VantageLinks is a dedicated Information Technology (IT) staffing company supporting our clients with all their IT Needs. We currently have an opening for a Security Threat Specialist II with one of our premier clients.
THIS IS A DIRECT ROLE WITH OUR CLIENT. WE ARE UNABLE TO ACCEPT H1B CANDIDATES AND PLEASE NO STAFFING AGENCIES.
Responsible for coordinating with InfoSec Team and trusted Third Party Provider for Threat Detection & Response activities to manage Incident Response procedures from Preparation through to Root Cause Analysis, Lessons Learned, & Closure. Researches, communicates and prepares remediation guidance on current Threats and Vulnerabilities. This position involves additional support requirements such as 24-hour on-call coverage for High-Severity Security Incidents. Although travel is usually planned in advance- issues can arise which could warrant immediate travel to one or more satellite locations.
Essential Functions Statement(s)
- Lead research, analysis, and response for all security-related alerts through the complete Incident
- Response life cycle including effective and timely escalation and communication
- Perform SIEM monitoring, query, analysis, tuning, and reporting as well as deeper anomaly analysis involving network traffic, IDS/IPS/DLP events, packet captures, and FW logs
- Develop advanced queries, correlations, and alerts to detect adversary actions as needed
- Provide forensic analysis of packet captures, internal/external DNS, Netflow, Endpoint Protection logs, as well as logs from various types of security sensors and controls systems
- Assist in incident response activities such as host triage and retrieval, malware analysis, remote system analysis, end-user interviews, and remediation efforts including response and investigation efforts into advanced persistent threats
- Compile detailed investigation and analysis reports for upstream Incident reporting
- Analyze and evaluate effectiveness and compliance of security control technologies relative to current and forecasted malicious threat landscape
- Perform Root Cause Analysis of security incidents for further tuning and improvement of detection and response effectiveness
- Perform regular updates of existing Playbooks based on changes in the Threat Landscape or upon discovery of new threat tactics to improve Incident Response procedures.
• Organization - Adequately plan, organize, communicate, and execute an array of activities from simple tasks and complex projects to deliver results in a timely and fiscally responsible manner with personal accountability.

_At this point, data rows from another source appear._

text \<open>Sequences are indexed by N :: nat; only N \<ge> 1 matters.\<close>
definition ordered_family :: "'i set \<Rightarrow> ('i \<Rightarrow> nat \<Rightarrow> real) \<Rightarrow> bool" where
  "ordered_family I a \<longleftrightarrow> finite I \<and>
     (\<forall>r\<in>I. \<forall>N\<ge>1. a r N > 0) \<and>
     (\<forall>r\<in>I. \<forall>s\<in>I. r \<noteq> s \<longrightarrow> convergent (\<lambda>N. arctan (a r N / a s N)))"

definition jump_rel :: "('a \<Rightarrow> 'a \<Rightarrow> real) \<Rightarrow> ('a \<times> 'a) set" where
  "jump_rel R = {(x, y). x \<noteq> y \<and> R x y > 0}"

definition rate_matrix :: "('a \<Rightarrow> 'a \<Rightarrow> real) \<Rightarrow> bool" where
  "rate_matrix R \<longleftrightarrow> (\<forall>x y. x \<noteq> y \<longrightarrow> R x y \<ge> 0)"

definition irreducible_rates :: "('a \<Rightarrow> 'a \<Rightarrow> real) \<Rightarrow> bool" where
  "irreducible_rates R \<longleftrightarrow> (\<forall>x y. x \<noteq> y \<longrightarrow> (x, y) \<in> (jump_rel R)\<^sup>+)"

text \<open>Invariant probability measure of the chain with rates R (global balance equations);
  diagonal entries of R play no role.\<close>
definition invariant_prob :: "('a::finite \<Rightarrow> 'a \<Rightarrow> real) \<Rightarrow> ('a \<Rightarrow> real) \<Rightarrow> bool" where
  "invariant_prob R \<mu> \<longleftrightarrow> (\<forall>x. \<mu> x \<ge> 0) \<and> (\<Sum>x\<in>UNIV. \<mu> x) = 1 \<and>
     (\<forall>y. (\<Sum>x\<in>UNIV - {y}. \<mu> x * R x y) = \<mu> y * (\<Sum>z\<in>UNIV - {y}. R y z))"

definition bonds :: "(nat \<Rightarrow> 'a \<Rightarrow> 'a \<Rightarrow> real) \<Rightarrow> ('a \<times> 'a) set" where
  "bonds R = {(x, y). x \<noteq> y \<and> R 1 x y > 0}"

definition assumption_A :: "(nat \<Rightarrow> 'a::finite \<Rightarrow> 'a \<Rightarrow> real) \<Rightarrow> bool" where
  "assumption_A R \<longleftrightarrow>
     (\<forall>x y. x \<noteq> y \<longrightarrow> ((\<forall>N\<ge>1. R N x y = 0) \<or> (\<forall>N\<ge>1. R N x y > 0))) \<and>
     (\<forall>m\<ge>1. ordered_family
        {k :: 'a \<times> 'a \<Rightarrow> nat. (\<forall>p. p \<notin> bonds R \<longrightarrow> k p = 0) \<and> (\<Sum>p\<in>bonds R. k p) = m}
        (\<lambda>k N. \<Prod>p\<in>bonds R. R N (fst p) (snd p) ^ k p))"

end

theory Submission
  imports Defs
begin

text \<open>By the Markov chain tree theorem, \<open>\<mu>\<^sub>N(\<eta>)\<close> is proportional to the sum, over spanning trees
  directed towards \<open>\<eta>\<close>, of the products of the rates along the tree edges; the constant of
  proportionality is fixed by uniqueness of the invariant measure. Each such product is a
  monomial of degree \<open>|E| - 1\<close> in the rates, and Assumption A orders these monomials. A ratio of
  two sums taken from an ordered family has a convergent arctangent: dividing by the dominant
  monomial, both sums converge, to limits that are not both zero.\<close>

lemma ordered_family_pos:
  assumes "ordered_family I a" "i \<in> I" "N \<ge> 1"
  shows "a i N > 0"
  using assms unfolding ordered_family_def by blast

lemma LIMSEQ_divide_self:
  fixes b :: "nat \<Rightarrow> real"
  assumes "\<And>N. N \<ge> 1 \<Longrightarrow> b N > 0"
  shows "(\<lambda>N. b N / b N) \<longlonglongrightarrow> 1"
proof (rule tendsto_eventually)
  show "\<forall>\<^sub>F N in sequentially. b N / b N = 1"
    unfolding eventually_sequentially using assms by (metis less_irrefl divide_self)
qed

lemma tendsto_tan_of_tendsto_arctan:
  fixes x :: "nat \<Rightarrow> real"
  assumes "(\<lambda>N. arctan (x N)) \<longlonglongrightarrow> \<theta>" "-(pi/2) < \<theta>" "\<theta> < pi/2"
  shows "x \<longlonglongrightarrow> tan \<theta>"
proof -
  have "cos \<theta> \<noteq> 0" using assms(2,3) cos_gt_zero_pi by force
  then have "(\<lambda>N. tan (arctan (x N))) \<longlonglongrightarrow> tan \<theta>"
    by (intro isCont_tendsto_compose[OF isCont_tan] assms(1))
  then show ?thesis by (simp add: tan_arctan)
qed

lemma arctan_divide_swap:
  fixes u v :: real
  assumes "u > 0" "v > 0"
  shows "arctan (u / v) = pi/2 - arctan (v / u)"
  using arctan_inverse[of "v / u"] assms by simp

lemma convergent_arctan_divide:
  fixes u v :: "nat \<Rightarrow> real"
  assumes u: "u \<longlonglongrightarrow> s" and v: "v \<longlonglongrightarrow> t" and "s \<ge> 0" "t \<ge> 0" "s > 0 \<or> t > 0"
    and pos: "\<forall>\<^sub>F N in sequentially. u N > 0 \<and> v N > 0"
  shows "convergent (\<lambda>N. arctan (u N / v N))"
proof (cases "t > 0")
  case True
  then have "(\<lambda>N. arctan (u N / v N)) \<longlonglongrightarrow> arctan (s / t)"
    by (intro tendsto_intros u v) auto
  then show ?thesis by (auto simp: convergent_def)
next
  case False
  with assms have "s > 0" by auto
  then have "(\<lambda>N. pi/2 - arctan (v N / u N)) \<longlonglongrightarrow> pi/2 - arctan (t / s)"
    by (intro tendsto_intros u v) auto
  moreover have "\<forall>\<^sub>F N in sequentially. pi/2 - arctan (v N / u N) = arctan (u N / v N)"
    using pos by eventually_elim (metis arctan_divide_swap)
  ultimately show ?thesis
    unfolding convergent_def by (blast intro: Lim_transform_eventually)
qed
lemma push_index_fixpoint:
  assumes "finite {i. N i \<noteq> 0}"
  shows "k + (\<Sum>i<push_index k N. N i) = push_index k N"
proof -
  obtain B where B: "\<forall>i\<ge>B. N i = 0"
    using finite_support_bounded[OF assms] .
  have "k + (\<Sum>i<B + k + Sum_any N. N i) \<le> B + k + Sum_any N"
    using Sum_any_lessThan[OF B, of "B + k + Sum_any N"] by simp
  then have le: "k + (\<Sum>i<push_index k N. N i) \<le> push_index k N"
    unfolding push_index_def by (rule LeastI)
  show ?thesis
  proof (cases "push_index k N")
    case (Suc m)
    then have "m < k + (\<Sum>i<m. N i)"
      using less_push_index[of m k N] by simp
    then show ?thesis using le Suc by simp
  qed (use le in simp)
qed

lemma push_index_pred:
  assumes "finite {i. N i \<noteq> 0}" and "0 < push_index k N"
  shows "N (push_index k N - 1) = 0"
proof -
  obtain m where m: "push_index k N = Suc m"
    using assms(2) gr0_implies_Suc by blast
  have "m < k + (\<Sum>i<m. N i)"
    using less_push_index[of m k N] m by simp
  moreover have "k + (\<Sum>i<Suc m. N i) = Suc m"
    using push_index_fixpoint[OF assms(1), of k] m by simp
  ultimately show ?thesis using m by simp
qed

lemma push_index_cong:
  assumes "finite {i. N i \<noteq> 0}" and "\<And>i. i < push_index k N \<Longrightarrow> N' i = N i"
  shows "push_index k N' = push_index k N"
proof (rule push_index_eqI)
  have "(\<Sum>i<push_index k N. N' i) = (\<Sum>i<push_index k N. N i)"
    by (rule sum.cong) (use assms(2) in auto)
  then show "k + (\<Sum>i<push_index k N. N' i) \<le> push_index k N"
    using push_index_fixpoint[OF assms(1), of k] by simp
next
  fix m assume m: "m < push_index k N"
  have "(\<Sum>i<m. N' i) = (\<Sum>i<m. N i)"
    by (rule sum.cong) (use assms(2) m in auto)
  then show "m < k + (\<Sum>i<m. N' i)"
    using less_push_index[OF m] by simp
qed

lemma push_index_self: "\<forall>i<k. N i = 0 \<Longrightarrow> push_index k N = k"
  by (rule push_index_eqI) auto

lemma push_index_strict_mono:
  assumes "finite {i. N i \<noteq> 0}" and "i < n"
  shows "push_index i N < push_index n N"
proof -
  have a: "i + (\<Sum>l<push_index i N. N l) = push_index i N"
    and b: "n + (\<Sum>l<push_index n N. N l) = push_index n N"
    using push_index_fixpoint[OF assms(1)] by auto
  have "\<not> push_index n N < push_index i N"
    using less_push_index[of "push_index n N" i N] b assms(2) by linarith
  moreover have "push_index i N \<noteq> push_index n N"
    using a b assms(2) by fastforce
  ultimately show ?thesis by simp
qed

lemma push_index_Suc_fun_upd:
  assumes "finite {i. N i \<noteq> 0}" and "0 < N a" and "a < push_index n N"
  shows "push_index (Suc n) (N(a := N a - 1)) = push_index n N"
proof (rule push_index_eqI)
  have "(\<Sum>i<push_index n N. (N(a := N a - 1)) i) + 1 = (\<Sum>i<push_index n N. N i)"
    using sum_fun_upd[of "{..<push_index n N}" a N "N a - 1"] assms(2,3) by simp
  then show "Suc n + (\<Sum>i<push_index n N. (N(a := N a - 1)) i) \<le> push_index n N"
    using push_index_fixpoint[OF assms(1), of n] by simp
next
  fix m assume m: "m < push_index n N"
  have "(\<Sum>i<m. (N(a := N a - 1)) i) + (if a < m then 1 else 0) = (\<Sum>i<m. N i)"
  proof (cases "a < m")
    case True
    then show ?thesis using sum_fun_upd[of "{..<m}" a N "N a - 1"] assms(2) by simp
  qed (auto intro: sum.cong)
  then show "m < Suc n + (\<Sum>i<m. (N(a := N a - 1)) i)"
    using less_push_index[OF m] by (simp split: if_splits)
qed

lemma push_index_Suc_shift_up:
  assumes "finite {i. N i \<noteq> 0}" and "a < push_index n N"
  shows "push_index (Suc n) (shift_up a N) = Suc (push_index n N)"
proof (rule push_index_eqI)
  show "Suc n + (\<Sum>i<Suc (push_index n N). shift_up a N i) \<le> Suc (push_index n N)"
    using sum_shift_up[OF assms(2), of N] push_index_fixpoint[OF assms(1), of n] by simp
next
  fix m assume m: "m < Suc (push_index n N)"
  show "m < Suc n + (\<Sum>i<m. shift_up a N i)"
  proof (cases "m \<le> Suc a")
    case True
    have "m \<le> n + (\<Sum>i<m. N i)"
      using less_push_index[of m n N] push_index_fixpoint[OF assms(1), of n] m
      by (cases "m = push_index n N") auto
    then show ?thesis using sum_shift_up_low[OF True, of N] by simp
  next
    case False
    then obtain m' where "m = Suc m'" and "a < m'" by (cases m) auto
    then show ?thesis
      using sum_shift_up[of a m' N] less_push_index[of m' n N] m by simp
  qed
qed

lemma mult_gen_relation:
  assumes "finite {l. N l \<noteq> 0}" and "i < n"
  shows "mult_gen i (mult_gen n (P, N)) = mult_gen (Suc n) (mult_gen i (P, N))"
proof -
  define a b where "a = push_index i N" and "b = push_index n N"
  have "a < b"
    using push_index_strict_mono[OF assms] by (simp add: a_def b_def)
  have a_upd: "push_index i (N(b := x)) = a" for x
    unfolding a_def
    by (rule push_index_cong[OF assms(1)]) (use \<open>a < b\<close> in \<open>auto simp: a_def\<close>)
  have a_shift: "push_index i (shift_up b N) = a"
    unfolding a_def
    by (rule push_index_cong[OF assms(1)]) (use \<open>a < b\<close> in \<open>auto simp: a_def\<close>)
  have b_upd: "push_index (Suc n) (N(a := N a - 1)) = b" if "0 < N a"
    unfolding b_def
    by (rule push_index_Suc_fun_upd[OF assms(1) that]) (use \<open>a < b\<close> in \<open>simp add: b_def\<close>)
  have b_shift: "push_index (Suc n) (shift_up a N) = Suc b"
    unfolding b_def
    by (rule push_index_Suc_shift_up[OF assms(1)]) (use \<open>a < b\<close> in \<open>simp add: b_def\<close>)
  show ?thesis
    using \<open>a < b\<close> b_upd
    by (cases "0 < N a"; cases "0 < N b")
      (simp_all add: mult_gen.simps Let_def a_def[symmetric] b_def[symmetric] a_upd a_shift b_shift
        shift_up_fun_upd_greater shift_up_shift_up fun_upd_twist)
qed

lemma mult_gen_inv_mult_gen:
  assumes "nf_valid (P, N)"
  shows "mult_gen_inv k (mult_gen k (P, N)) = (P, N)"
proof -
  define j where "j = push_index k N"
  have fin: "finite {i. N i \<noteq> 0}" and uniq: "nf_unique P N"
    using assms by auto
  show ?thesis
  proof (cases "0 < N j")
    case True
    have "push_index k (N(j := x)) = j" for x
      unfolding j_def by (rule push_index_cong[OF fin]) (auto simp: j_def)
    moreover have "\<not> (0 < P j \<and> P (Suc j) = 0 \<and> N (Suc j) = 0)"
      using uniq True by (auto simp: nf_unique_def)
    ultimately show ?thesis
      using True by (auto simp: mult_gen.simps mult_gen_inv.simps Let_def j_def[symmetric])
  next
    case False
    have "push_index k (shift_up j N) = j"
      unfolding j_def by (rule push_index_cong[OF fin]) (auto simp: j_def)
    then show ?thesis
      using False
      by (simp add: mult_gen.simps mult_gen_inv.simps Let_def j_def[symmetric] shift_down_fun_upd_le)
  qed
qed

lemma mult_gen_mult_gen_inv:
  assumes "finite {i. N i \<noteq> 0}"
  shows "mult_gen k (mult_gen_inv k (P, N)) = (P, N)"
proof -
  define j where "j = push_index k N"
  show ?thesis
  proof (cases "N j = 0 \<and> 0 < P j \<and> P (Suc j) = 0 \<and> N (Suc j) = 0")
    case True
    have "push_index k (shift_down j N) = j"
      unfolding j_def by (rule push_index_cong[OF assms]) (auto simp: j_def shift_down_def)
    then show ?thesis
      using True
      by (simp add: mult_gen.simps mult_gen_inv.simps Let_def j_def[symmetric] shift_up_shift_down)
        (simp add: shift_down_def)
  next
    case False
    have "push_index k (N(j := x)) = j" for x
      unfolding j_def by (rule push_index_cong[OF assms]) (auto simp: j_def)
    then show ?thesis
      using False by (auto simp: mult_gen.simps mult_gen_inv.simps Let_def j_def[symmetric])
  qed
qed

lemma nf_unique_cancel:
  assumes "nf_unique P N" and "0 < j \<Longrightarrow> N (j - 1) = 0"
  shows "nf_unique P (N(j := N j - 1))"
  using assms unfolding nf_unique_def by auto

lemma nf_unique_insert:
  assumes "nf_unique P N" and "N j = 0"
  shows "nf_unique ((shift_up j P)(j := Suc (P j))) (shift_up j N)"
  using assms unfolding nf_unique_def shift_up_def by auto

lemma nf_unique_delete:
  assumes "nf_unique P N" and "0 < j \<Longrightarrow> N (j - 1) = 0" and "N j = 0"
  shows "nf_unique (shift_down j (P(j := P j - 1))) (shift_down j N)"
  using assms unfolding nf_unique_def shift_down_def by (auto simp: not_less_eq_eq dest: le_antisym)

lemma nf_unique_add_inv:
  assumes "nf_unique P N" and "\<not> (N j = 0 \<and> 0 < P j \<and> P (Suc j) = 0 \<and> N (Suc j) = 0)"
  shows "nf_unique P (N(j := Suc (N j)))"
  using assms unfolding nf_unique_def by auto

lemma nf_unique_fun_upd_below:
  assumes "nf_unique P (N(b := s))" and "\<forall>i\<le>b. N i = 0"
  shows "nf_unique P N"
  unfolding nf_unique_def
proof (intro allI impI)
  fix i assume i: "0 < P i \<and> 0 < N i"
  then have "b < i"
    using assms(2) by (cases "b < i") auto
  then show "0 < P (Suc i) \<or> 0 < N (Suc i)"
    using assms(1)[unfolded nf_unique_def, THEN spec[of _ i]] i by simp
qed

lemma nf_valid_mult_gen:
  assumes "nf_valid (P, N)" shows "nf_valid (mult_gen k (P, N))"
proof -
  define j where "j = push_index k N"
  have fin: "finite {i. P i \<noteq> 0}" "finite {i. N i \<noteq> 0}" and uniq: "nf_unique P N"
    using assms by auto
  have pred: "0 < j \<Longrightarrow> N (j - 1) = 0"
    using push_index_pred[OF fin(2)] by (simp add: j_def)
  show ?thesis
  proof (cases "0 < N j")
    case True
    then show ?thesis
      using fin finite_support_fun_upd[OF fin(2), of j] nf_unique_cancel[OF uniq pred]
      by (simp add: mult_gen.simps Let_def j_def[symmetric])
  next
    case False
    then show ?thesis
      using finite_support_fun_upd[OF finite_support_shift_up[OF fin(1)], of j j]
        finite_support_shift_up[OF fin(2), of j] nf_unique_insert[OF uniq, of j]
      by (simp add: mult_gen.simps Let_def j_def[symmetric])
  qed
qed

lemma nf_valid_mult_gen_inv:
  assumes "nf_valid (P, N)" shows "nf_valid (mult_gen_inv k (P, N))"
proof -
  define j where "j = push_index k N"
  have fin: "finite {i. P i \<noteq> 0}" "finite {i. N i \<noteq> 0}" and uniq: "nf_unique P N"
    using assms by auto
  have pred: "0 < j \<Longrightarrow> N (j - 1) = 0"
    using push_index_pred[OF fin(2)] by (simp add: j_def)
  show ?thesis
  proof (cases "N j = 0 \<and> 0 < P j \<and> P (Suc j) = 0 \<and> N (Suc j) = 0")
    case True
    have "finite {i. (P(j := P j - 1)) i \<noteq> 0}"
      by (rule finite_support_fun_upd[OF fin(1)])
    then have "finite {i. shift_down j (P(j := P j - 1)) i \<noteq> 0}"
      by (rule finite_support_shift_down)
    then show ?thesis
      using True finite_support_shift_down[OF fin(2), of j] nf_unique_delete[OF uniq pred]
      by (simp add: mult_gen_inv.simps Let_def j_def[symmetric])
  next
    case False
    then show ?thesis
      using fin finite_support_fun_upd[OF fin(2), of j] nf_unique_add_inv[OF uniq, of j]
      by (auto simp: mult_gen_inv.simps Let_def j_def[symmetric])
  qed
qed

fun mult_letter :: "nf \<Rightarrow> letter \<Rightarrow> nf" where
  "mult_letter g (k, True) = mult_gen k g"
| "mult_letter g (k, False) = mult_gen_inv k g"

lemma nf_valid_mult_letter: "nf_valid g \<Longrightarrow> nf_valid (mult_letter g x)"
  by (cases g; cases x; cases "snd x") (auto simp: nf_valid_mult_gen nf_valid_mult_gen_inv)

lemma nf_valid_foldl_mult_letter: "nf_valid g \<Longrightarrow> nf_valid (foldl mult_letter g w)"
  by (induction w arbitrary: g) (simp_all add: nf_valid_mult_letter)

lemma foldl_mult_letter_F_equiv:
  assumes "F_equiv u v" and "nf_valid g"
  shows "foldl mult_letter g u = foldl mult_letter g v"
  using assms
proof (induction arbitrary: g rule: F_equiv.induct)
  case (cong u v a b)
  then show ?case using nf_valid_foldl_mult_letter by simp
next
  case (cancel x)
  obtain P N where g: "g = (P, N)" by fastforce
  obtain k s where x: "x = (k, s)" by fastforce
  show ?case
    using cancel g mult_gen_inv_mult_gen[of P N] mult_gen_mult_gen_inv[of N k P]
    by (cases s) (auto simp: x inv_letter_def)
next
  case (rel i n)
  obtain P0 N0 where g: "g = (P0, N0)" by fastforce
  obtain P N where h: "mult_gen_inv i (P0, N0) = (P, N)" by fastforce
  have valid: "nf_valid (P, N)"
    using nf_valid_mult_gen_inv[of P0 N0 i] rel.prems g h by simp
  have g_eq: "g = mult_gen i (P, N)"
    using mult_gen_mult_gen_inv[of N0 i P0] rel.prems g h by simp
  have "foldl mult_letter g [(i, False), (n, True), (i, True)] = mult_gen i (mult_gen n (P, N))"
    using g h by simp
  also have "\<dots> = mult_gen (Suc n) (mult_gen i (P, N))"
    using valid rel.hyps by (simp add: mult_gen_relation)
  also have "\<dots> = foldl mult_letter g [(Suc n, True)]"
    using g_eq by simp
  finally show ?case .
qed auto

• Interactions With Others - Must be a team player who interacts well with other members of the IT and other company associates. Must seek out and share information and develop trust and rapport with coworkers at all levels in the organization.
• Interpersonal Skills - Focuses on solving conflict, not blaming; Maintains confidentiality; Listens to others without interrupting; Keeps emotions under control; Remains open to others ideas and tries new things. Social skills are essential
• Judgment - Displays willingness to make decisions; Exhibits sound and accurate judgment; Supports and explains reasoning for decisions; Includes appropriate people in decision-making process; Makes timely decisions.
• Motivation - Sets and achieves challenging goals. Demonstrate persistence and overcome obstacles. Measure self against standard of excellence. Take calculated risks to accomplish goals.
• Oral Communication - Speaks clearly and persuasively in positive or negative situations; Listens and gets clarification; Responds well to questions; Participates in meetings.
• Teamwork - Balances team and individual responsibilities; Exhibits objectivity and openness to others views; Gives and welcomes feedback; Contributes to building a positive team spirit; Puts success of team above own interests; Able to build morale and group commitments to goals and objectives; Supports everyone's efforts to succeed.
• Written Communication - Writes clearly and informatively; Edits work for spelling and grammar; Varies writing style to meet needs; Presents numerical data effectively; Able to read and interpret written information.
• Working Relationships - Ability to obtain and appropriate the proper usage of equipment, facilities, materials, as well as personnel.
• Accuracy - Ability to perform work accurately and thoroughly.
• Active Listening - Ability to actively attend to, convey, and understand the comments and questions of others.
• Initiative - Ability to make decisions or take actions to solve a problem or reach a goal.
SKILLS & ABILITIES
Bachelor Degree (minimum), or equivalent experience; Certified Cyber Threat Analyst (CCTA) - or- GIAC Cyber Threat Intelligence (GCTI) certification or equivalent experience required.
- 4-7 years’ experience in Cybersecurity Operations.
- 3-5 years’ direct experience in Incident Response.
- Significant Information Security Domain knowledge, Forensic Analysis/Research skills, and Functional Networking knowledge and skills required.
- IT Functional Windows/UNIX Administration & Hardening experience preferred.
Various security control configuration, current SIEM, Anti-Malware/Endpoint Protection, Active Directory, IDS/IPS/Firewall, TCP/IP, PCAP, etc. RegeX, Python, PowerShell are highly desirable.
- Must be self-motivated, team oriented and possess strong communication and interpersonal skills.
- Candidate should possess strong organizational skills, be detail oriented, and self-motivated with a demonstrated ability to problem solve.
- Strong sense of urgency and strong commitment to quality customer service is required.